→ What is expected
Copy each line from the entries that the word "satisfies" appears in.

Extracted data entries
^^^^

(* Let $\gamma$ be a gauge on $\mathbb{R}^d$ with skewness $\sigma$. The Fermat–Weber estimator with respect to $\gamma$ has breakdown point exactly $\frac{1}{1+\sigma}$.
   Context: A gauge $\gamma$ on $\mathbb{R}^d$ is the Minkowski functional of a convex compact set $B_\gamma$ with the origin in its interior (not necessarily symmetric); its skewness is $\sigma=\sup_{x\neq0}\gamma(x)/\gamma(-x)$. For a finite set $A$ with positive weights summing to $1$, the Fermat–Weber set $\mathrm{FW}_\gamma(A,w)$ is the set of minimizers of $\sum_{a\in A}w_a\gamma(x-a)$. For $\tau<1$, a $\tau$-corruption of $(A,w)$ is obtained by replacing a subsample $C\subseteq A$ of total weight $w_C\le\tau$ by another finite weighted sample $C'$ of the same total weight. The estimator is $\tau$-robust if for every such $(A,w)$ there is a bounded set $K_\tau$ containing $\mathrm{FW}_\gamma(A')$ for all $\tau$-corruptions $A'$ of $A$. The breakdown point is the supremum of all $\tau$ for which the estimator is $\tau$-robust. *)

theory Defs
  imports "HOL-Analysis.Analysis"
begin

definition minkowski_functional :: "'a::euclidean_space set \<Rightarrow> 'a \<Rightarrow> real" where
  "minkowski_functional B x = Inf {t. 0 < t \<and> x \<in> (\<lambda>b. t *\<^sub>R b) ` B}"

definition is_gauge :: "('a::euclidean_space \<Rightarrow> real) \<Rightarrow> bool" where
  "is_gauge g \<longleftrightarrow> (\<exists>B. convex B \<and> compact B \<and> 0 \<in> interior B \<and> g = minkowski_functional B)"

definition skewness :: "('a::euclidean_space \<Rightarrow> real) \<Rightarrow> real" where
  "skewness g = (SUP x\<in>UNIV - {0}. g x / g (- x))"

text \<open>A finite weighted sample is represented by its weight function: finite support,
  nonnegative weights (the support is the sample A, weights there are positive).\<close>
definition fin_weights :: "('a \<Rightarrow> real) \<Rightarrow> bool" where
  "fin_weights w \<longleftrightarrow> finite {a. w a \<noteq> 0} \<and> (\<forall>a. 0 \<le> w a)"

definition sample :: "('a \<Rightarrow> real) \<Rightarrow> bool" where
  "sample w \<longleftrightarrow> fin_weights w \<and> sum w {a. w a \<noteq> 0} = 1"

definition fw_objective :: "('a::euclidean_space \<Rightarrow> real) \<Rightarrow> ('a \<Rightarrow> real) \<Rightarrow> 'a \<Rightarrow> real" where
  "fw_objective g w x = (\<Sum>a\<in>{a. w a \<noteq> 0}. w a * g (x - a))"

definition FW_set :: "('a::euclidean_space \<Rightarrow> real) \<Rightarrow> ('a \<Rightarrow> real) \<Rightarrow> 'a set" where
  "FW_set g w = {x. \<forall>y. fw_objective g w x \<le> fw_objective g w y}"

definition corruption :: "real \<Rightarrow> ('a \<Rightarrow> real) \<Rightarrow> ('a \<Rightarrow> real) \<Rightarrow> bool" where
  "corruption \<tau> w w' \<longleftrightarrow>
     (\<exists>C v. C \<subseteq> {a. w a \<noteq> 0} \<and> sum w C \<le> \<tau> \<and> fin_weights v \<and>
            sum v {a. v a \<noteq> 0} = sum w C \<and>
            w' = (\<lambda>a. (if a \<in> C then 0 else w a) + v a))"

definition robust :: "('a::euclidean_space \<Rightarrow> real) \<Rightarrow> real \<Rightarrow> bool" where
  "robust g \<tau> \<longleftrightarrow> (\<forall>w. sample w \<longrightarrow>
      (\<exists>K. bounded K \<and> (\<forall>w'. corruption \<tau> w w' \<longrightarrow> FW_set g w' \<subseteq> K)))"

definition breakdown_point :: "('a::euclidean_space \<Rightarrow> real) \<Rightarrow> real" where
  "breakdown_point g = Sup {\<tau>. 0 \<le> \<tau> \<and> \<tau> < 1 \<and> robust g \<tau>}"

end

theory Submission
  imports Defs
begin

text \<open>Write \<open>\<sigma>\<close> for the skewness. If a sample of total weight one loses mass \<open>s\<close> to a
  corruption, the surviving points raise the objective at \<open>x\<close> (relative to the origin) by at
  least \<open>(1 - s) \<gamma>(x)\<close> up to a constant, while the inserted mass can lower it by at most
  \<open>s \<gamma>(-x) \<le> s \<sigma> \<gamma>(x)\<close>. Hence every Fermat--Weber point satisfies
  \<open>(1 - \<tau>(1 + \<sigma>)) \<gamma>(x) \<le> const\<close>, a uniform bound when \<open>\<tau> < 1/(1 + \<sigma>)\<close>.
  Conversely, if \<open>\<tau>(1 + \<sigma>) > 1\<close> there is a direction \<open>u\<close> with
  \<open>\<tau> \<gamma>(u) > (1 - \<tau>) \<gamma>(-u)\<close>; take weight \<open>1 - \<tau>\<close> at \<open>0\<close> and \<open>\<tau>\<close> at \<open>u\<close>, and move
  the atom at \<open>u\<close> to \<open>-t u\<close>. Every minimiser \<open>x\<close> of the corrupted sample then satisfies
  \<open>\<tau> \<gamma>(-x) \<ge> t (\<tau> \<gamma>(u) - (1 - \<tau>) \<gamma>(-u))\<close>, which is unbounded in \<open>t\<close>.\<close>

lemma mem_scaleR_image_iff:
  fixes B :: "'a::real_vector set"
  assumes "0 < t"
  shows "x \<in> (\<lambda>b. t *\<^sub>R b) ` B \<longleftrightarrow> x /\<^sub>R t \<in> B"
proof
  assume "x /\<^sub>R t \<in> B"
  moreover have "x = t *\<^sub>R (x /\<^sub>R t)" using assms by simp
  ultimately show "x \<in> (\<lambda>b. t *\<^sub>R b) ` B" by blast
qed (use assms in auto)

lemma minkowski_functional_eq:
  "minkowski_functional B x = Inf {t. 0 < t \<and> x /\<^sub>R t \<in> B}"
  unfolding minkowski_functional_def by (metis mem_scaleR_image_iff)

lemma minkowski_functional_le:
  assumes "0 < t" "x /\<^sub>R t \<in> B"
  shows "minkowski_functional B x \<le> t"
  unfolding minkowski_functional_eq
  by (rule cInf_lower) (use assms in \<open>auto intro: bdd_belowI[of _ 0]\<close>)

lemma divideR_mem_of_cball_subset:
  fixes x :: "'a::real_normed_vector"
  assumes "0 < r" "cball 0 r \<subseteq> B" "norm x / r < t"
  shows "0 < t" "x /\<^sub>R t \<in> B"
proof -
  show "0 < t" using assms(1,3) by (smt (verit) divide_nonneg_pos norm_ge_zero)
  then have "norm (x /\<^sub>R t) \<le> r" using assms(1,3) by (simp add: field_simps)
  then show "x /\<^sub>R t \<in> B" using assms(2) by auto
qed

lemma minkowski_functional_le_norm:
  assumes "0 < r" "cball 0 r \<subseteq> B"
  shows "minkowski_functional B x \<le> norm x / r"
  using divideR_mem_of_cball_subset[OF assms] by (metis dense_ge minkowski_functional_le)

lemma convex_divideR_add_mem:
  fixes x y :: "'a::real_vector"
  assumes "convex B" "0 < s" "0 < t" "x /\<^sub>R s \<in> B" "y /\<^sub>R t \<in> B"
  shows "(x + y) /\<^sub>R (s + t) \<in> B"
proof -
  have "(s / (s + t)) *\<^sub>R (x /\<^sub>R s) + (t / (s + t)) *\<^sub>R (y /\<^sub>R t) \<in> B"
    using mem_convex_alt[OF assms(1,4,5), of s t] assms(2,3) by fastforce
  moreover have "(s / (s + t)) *\<^sub>R (x /\<^sub>R s) + (t / (s + t)) *\<^sub>R (y /\<^sub>R t) = (x + y) /\<^sub>R (s + t)"
    using assms(2,3) by (simp add: scaleR_add_right inverse_eq_divide)
  ultimately show ?thesis by (simp only:)
qed

context
  fixes B :: "'a::euclidean_space set"
  assumes convex: "convex B" and absorbing: "0 \<in> interior B"
begin

lemma minkowski_functional_admissible_nonempty:
  "\<exists>t>0. x /\<^sub>R t \<in> B"
proof -
  obtain r where "0 < r" "cball 0 r \<subseteq> B" using absorbing mem_interior_cball by blast
  then show ?thesis using divideR_mem_of_cball_subset[of r B x "norm x / r + 1"] by auto
qed

lemma minkowski_functional_less_imp_mem:
  assumes "minkowski_functional B x < t"
  shows "x /\<^sub>R t \<in> B"
proof -
  obtain s where s: "0 < s" "x /\<^sub>R s \<in> B" "s < t"
    using cInf_lessD[of "{t. 0 < t \<and> x /\<^sub>R t \<in> B}" t] assms
      minkowski_functional_admissible_nonempty
    unfolding minkowski_functional_eq by blast
  have "0 \<in> B" using absorbing interior_subset by blast
  moreover have "0 \<le> s / t" "s / t \<le> 1" using s by auto
  ultimately have "(1 - s / t) *\<^sub>R 0 + (s / t) *\<^sub>R (x /\<^sub>R s) \<in> B"
    using convexD_alt[OF convex _ s(2)] by blast
  moreover have "(s / t) *\<^sub>R (x /\<^sub>R s) = x /\<^sub>R t"
    using s by (simp add: field_simps)
  ultimately show ?thesis by (simp only: scaleR_zero_right add_0_left)
qed

lemma minkowski_functional_ge_norm:
  assumes "0 < R" "\<forall>b\<in>B. norm b \<le> R"
  shows "norm x / R \<le> minkowski_functional B x"
  unfolding minkowski_functional_eq
proof (rule cInf_greatest)
  show "{t. 0 < t \<and> x /\<^sub>R t \<in> B} \<noteq> {}"
    using minkowski_functional_admissible_nonempty by simp
  fix t assume "t \<in> {t. 0 < t \<and> x /\<^sub>R t \<in> B}"
  then have "0 < t" "norm x / t \<le> R" using assms(2) by (auto simp: divide_inverse_commute)
  then show "norm x / R \<le> t" using assms(1) by (simp add: field_simps)
qed

lemma minkowski_functional_nonneg: "0 \<le> minkowski_functional B x"
  unfolding minkowski_functional_eq
  by (rule cInf_greatest) (use minkowski_functional_admissible_nonempty in auto)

^^^^

→ Solution for this task
  \<open>s \<gamma>(-x) \<le> s \<sigma> \<gamma>(x)\<close>. Hence every Fermat--Weber point satisfies
  the atom at \<open>u\<close> to \<open>-t u\<close>. Every minimiser \<open>x\<close> of the corrupted sample then satisfies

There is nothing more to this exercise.